# [What to do]
Every line below from the one containing "t) *\<^sub>R (y" through the one containing "section \<open>The proximal operator\<close>" must be transcribed exactly. Omit all lines outside that stretch.

= Beginning of Section =

lemma inner_le_Young:
  fixes u v :: "'a::real_inner"
  assumes "q > 0"
  shows "2 * (u \<bullet> v) \<le> q * (norm u)\<^sup>2 + (norm v)\<^sup>2 / q"
proof -
  have "0 \<le> (norm (q *\<^sub>R u - v))\<^sup>2" by simp
  also have "\<dots> = q * (q * (norm u)\<^sup>2 + (norm v)\<^sup>2 / q) - q * (2 * (u \<bullet> v))"
    using assms unfolding power2_norm_eq_inner
    by (simp add: inner_diff_left inner_diff_right inner_commute[of v u] algebra_simps)
  finally show ?thesis
    using assms by (simp add: mult_le_cancel_left_pos)
qed

lemma power2_norm_add_le:
  fixes u v :: "'a::real_inner"
  assumes "q > 0"
  shows "(norm (u + v))\<^sup>2 \<le> (1 + q) * (norm u)\<^sup>2 + (1 + 1 / q) * (norm v)\<^sup>2"
  using power2_norm_add[of u v] inner_le_Young[OF assms, of u v] by (simp add: algebra_simps)

lemma sum_power2_norm_centered_le:
  fixes u :: "'i \<Rightarrow> 'a::real_inner"
  assumes "finite I"
  defines "m \<equiv> (1 / real (card I)) *\<^sub>R (\<Sum>i\<in>I. u i)"
  shows "(\<Sum>i\<in>I. (norm (m - u i))\<^sup>2) \<le> (\<Sum>i\<in>I. (norm (u i))\<^sup>2)"
proof -
  have sum_u: "(\<Sum>i\<in>I. u i) = real (card I) *\<^sub>R m"
    using assms by (cases "I = {}") (simp_all add: m_def)
  have "(\<Sum>i\<in>I. (norm (m - u i))\<^sup>2)
      = (\<Sum>i\<in>I. (norm m)\<^sup>2 - 2 * (m \<bullet> u i) + (norm (u i))\<^sup>2)"
    by (simp add: power2_norm_eq_inner inner_diff_left inner_diff_right inner_commute[of "u _" m]
        algebra_simps)
  also have "\<dots> = (\<Sum>i\<in>I. (norm (u i))\<^sup>2) - real (card I) * (norm m)\<^sup>2"
    by (simp add: sum.distrib sum_subtractf sum_distrib_left[symmetric] inner_sum_right[symmetric]
        sum_u power2_norm_eq_inner)
  finally show ?thesis by simp
qed

lemma power2_norm_convex_combination:
  fixes y z w :: "'a::real_inner"
  shows "(norm ((1 - t) *\<^sub>R y + t *\<^sub>R z - w))\<^sup>2 =
     (1 - t) * (norm (y - w))\<^sup>2 + t * (norm (z - w))\<^sup>2 - t * (1 - t) * (norm (y - z))\<^sup>2"
proof -
  have "(1 - t) *\<^sub>R y + t *\<^sub>R z - w = (1 - t) *\<^sub>R (y - w) + t *\<^sub>R (z - w)"
    "y - z = (y - w) - (z - w)"
    by (simp_all add: algebra_simps)
  then show ?thesis
    unfolding power2_norm_eq_inner
    by (simp add: inner_add_left inner_add_right inner_diff_left inner_diff_right
        inner_commute[of "z - w" "y - w"] algebra_simps)
qed

section \<open>The proximal operator\<close>

lemma closed_sublevel_lsc_ext_add_continuous:
  fixes C :: "'a::metric_space set"
  assumes C: "closed C" and h: "lsc_ext C h" and q: "continuous_on UNIV q"
  shows "closed {y\<in>C. h y + q y \<le> c}"
  unfolding closed_sequential_limits
proof (intro allI impI, elim conjE)
  fix ys l assume ys: "\<forall>k. ys k \<in> {y\<in>C. h y + q y \<le> c}" and lim: "ys \<longlonglongrightarrow> l"
  have "l \<in> C"
    using C ys lim unfolding closed_sequential_limits by blast
  have "isCont q l"
    using q by (simp add: continuous_on_eq_continuous_at)
  then have q_lim: "(\<lambda>k. q (ys k)) \<longlonglongrightarrow> q l"
    using lim by (rule isCont_tendsto_compose)
  have "h l \<le> (c - q l) + e" if "e > 0" for e
  proof -
    have "eventually (\<lambda>k. q l - e < q (ys k)) sequentially"
      using order_tendstoD(1)[OF q_lim] \<open>e > 0\<close> by simp
    moreover have "ys k \<in> {y\<in>C. h y \<le> c - q l + e}" if "q l - e < q (ys k)" for k
      using ys[rule_format, of k] that by simp
    ultimately have "eventually (\<lambda>k. ys k \<in> {y\<in>C. h y \<le> c - q l + e}) sequentially"
      by (rule eventually_mono)
    moreover have "closed {y\<in>C. h y \<le> c - q l + e}"
      using h unfolding lsc_ext_def by simp
    ultimately have "l \<in> {y\<in>C. h y \<le> c - q l + e}"
      using Lim_in_closed_set[OF _ _ sequentially_bot lim] by blast
    then show ?thesis by simp
  qed
  then have "h l \<le> c - q l" by (rule field_le_epsilon)
  with \<open>l \<in> C\<close> show "l \<in> {y\<in>C. h y + q y \<le> c}" by simp
qed

lemma bounded_sublevel_if_quadratic_minorant:
  fixes \<psi> :: "'a::real_normed_vector \<Rightarrow> real"
  assumes minorant: "\<And>y. y \<in> C \<Longrightarrow> c - B * norm (y - y0) + \<kappa> * (norm (y - y0))\<^sup>2 \<le> \<psi> y"
    and "\<kappa> > 0"
  shows "bounded {y\<in>C. \<psi> y \<le> M}"
proof -
  define R where "R = max 1 ((\<bar>M - c\<bar> + B) / \<kappa>)"
  have "{y\<in>C. \<psi> y \<le> M} \<subseteq> cball y0 R"
  proof
    fix y assume y: "y \<in> {y\<in>C. \<psi> y \<le> M}"
    define r where "r = norm (y - y0)"
    have "r \<le> R"
    proof (cases "r \<le> 1")
      case False
      have "\<kappa> * r * r \<le> (M - c) + B * r"
        using minorant[of y] y by (simp add: r_def power2_eq_square)
      also have "M - c \<le> \<bar>M - c\<bar> * r"
        using mult_left_mono[of 1 r "\<bar>M - c\<bar>"] False by simp
      finally have "(\<kappa> * r) * r \<le> (\<bar>M - c\<bar> + B) * r"
        by (simp add: algebra_simps)
      then have "\<kappa> * r \<le> \<bar>M - c\<bar> + B"
        by (rule mult_right_le_imp_le) (use False in simp)
      then have "r \<le> (\<bar>M - c\<bar> + B) / \<kappa>"
        using \<open>\<kappa> > 0\<close> by (simp add: pos_le_divide_eq mult.commute)
      then show ?thesis by (simp add: R_def)
    qed (simp add: R_def)
    then show "y \<in> cball y0 R" by (simp add: r_def dist_norm norm_minus_commute)
  qed
  then show ?thesis using bounded_cball bounded_subset by blast
qed

lemma bdd_below_if_quadratic_minorant:
  fixes \<psi> :: "'a::real_normed_vector \<Rightarrow> real"
  assumes minorant: "\<And>y. y \<in> C \<Longrightarrow> c - B * norm (y - y0) + \<kappa> * (norm (y - y0))\<^sup>2 \<le> \<psi> y"
    and "\<kappa> > 0"
  shows "bdd_below (\<psi> ` C)"
proof (rule bdd_belowI2)
  fix y assume "y \<in> C"
  define r where "r = norm (y - y0)"
  have "0 \<le> (2 * \<kappa> * r - B)\<^sup>2 / (4 * \<kappa>)" using \<open>\<kappa> > 0\<close> by simp
  also have "\<dots> = \<kappa> * r\<^sup>2 - B * r + B\<^sup>2 / (4 * \<kappa>)"
    using \<open>\<kappa> > 0\<close> by (simp add: field_simps power2_eq_square)
  finally show "c - B\<^sup>2 / (4 * \<kappa>) \<le> \<psi> y"
    using minorant[OF \<open>y \<in> C\<close>] by (simp add: r_def)
qed

lemma attains_min_if_compact_sublevels:
  fixes \<psi> :: "'a::heine_borel \<Rightarrow> real"
  assumes "C \<noteq> {}" and bdd: "bdd_below (\<psi> ` C)"
    and compact: "\<And>c. compact {y\<in>C. \<psi> y \<le> c}"
  obtains y where "y \<in> C" "\<And>z. z \<in> C \<Longrightarrow> \<psi> y \<le> \<psi> z"
proof -
  define m where "m = Inf (\<psi> ` C)"
  define K where "K k = {y\<in>C. \<psi> y \<le> m + 1 / real (Suc k)}" for k
  have "\<Inter>(range K) \<noteq> {}"
  proof (rule compact_nest)
    show "K k \<noteq> {}" for k
      using cInf_less_iff[OF _ bdd, of "m + 1 / real (Suc k)"] \<open>C \<noteq> {}\<close>
      by (force simp: K_def m_def)
    show "K j \<subseteq> K i" if "i \<le> j" for i j
      using that by (auto simp: K_def frac_le intro: order_trans)
  qed (simp add: K_def compact)
  then obtain y where y: "\<And>k. y \<in> K k" by blast
  have "\<psi> y \<le> m"
  proof (rule field_le_epsilon)
    fix e :: real assume "e > 0"
    then obtain k where "inverse (real (Suc k)) < e" using reals_Archimedean by blast
    moreover have "\<psi> y \<le> m + 1 / real (Suc k)" using y[of k] by (simp add: K_def)
    ultimately show "\<psi> y \<le> m + e" by (simp add: inverse_eq_divide)
  qed
  moreover have "y \<in> C" using y[of 0] by (simp add: K_def)
  ultimately show ?thesis
    using that cInf_lower[OF _ bdd] by (force simp: m_def)
qed

lemma convex_quadratic_min_three_point:
  fixes h :: "'a::real_inner \<Rightarrow> real"
  assumes "convex C" "convex_on C h"
    and "y \<in> C" and min: "\<And>u. u \<in> C \<Longrightarrow> h y + a * (norm (y - w))\<^sup>2 \<le> h u + a * (norm (u - w))\<^sup>2"
    and "z \<in> C"
  shows "h y + a * (norm (y - w))\<^sup>2 + a * (norm (y - z))\<^sup>2 \<le> h z + a * (norm (z - w))\<^sup>2"
proof -
  define \<psi> where "\<psi> u = h u + a * (norm (u - w))\<^sup>2" for u
  have "s * (a * (norm (y - z))\<^sup>2) \<le> \<psi> z - \<psi> y" if "0 < s" "s < 1" for s
  proof -
    define t where "t = 1 - s"
    have t: "0 < t" "t < 1" using that by (simp_all add: t_def)
    define u where "u = (1 - t) *\<^sub>R y + t *\<^sub>R z"
    have "u \<in> C"
      using \<open>convex C\<close> \<open>y \<in> C\<close> \<open>z \<in> C\<close> t by (simp add: u_def convex_def)
    have "h u \<le> (1 - t) * h y + t * h z"
      using convex_onD[OF \<open>convex_on C h\<close>, of t y z] \<open>y \<in> C\<close> \<open>z \<in> C\<close> t by (simp add: u_def)
    then have "\<psi> u \<le> (1 - t) * \<psi> y + t * \<psi> z - a * t * (1 - t) * (norm (y - z))\<^sup>2"
      unfolding \<psi>_def u_def power2_norm_convex_combination by (simp add: algebra_simps)
    with min[OF \<open>u \<in> C\<close>] have "t * (\<psi> y + (1 - t) * (a * (norm (y - z))\<^sup>2)) \<le> t * \<psi> z"
      unfolding \<psi>_def[symmetric] by (simp add: algebra_simps)
    with t have "\<psi> y + (1 - t) * (a * (norm (y - z))\<^sup>2) \<le> \<psi> z"
      by (simp add: mult_le_cancel_left_pos)
    then show ?thesis by (simp add: t_def)
  qed
  then have "a * (norm (y - z))\<^sup>2 \<le> \<psi> z - \<psi> y" by (rule field_le_mult_one_interval)
  then show ?thesis by (simp add: \<psi>_def)
qed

= End of Section =

# [Your response]
  have "(1 - t) *\<^sub>R y + t *\<^sub>R z - w = (1 - t) *\<^sub>R (y - w) + t *\<^sub>R (z - w)"
    "y - z = (y - w) - (z - w)"
    by (simp_all add: algebra_simps)
  then show ?thesis
    unfolding power2_norm_eq_inner
    by (simp add: inner_add_left inner_add_right inner_diff_left inner_diff_right
        inner_commute[of "z - w" "y - w"] algebra_simps)
qed

section \<open>The proximal operator\<close>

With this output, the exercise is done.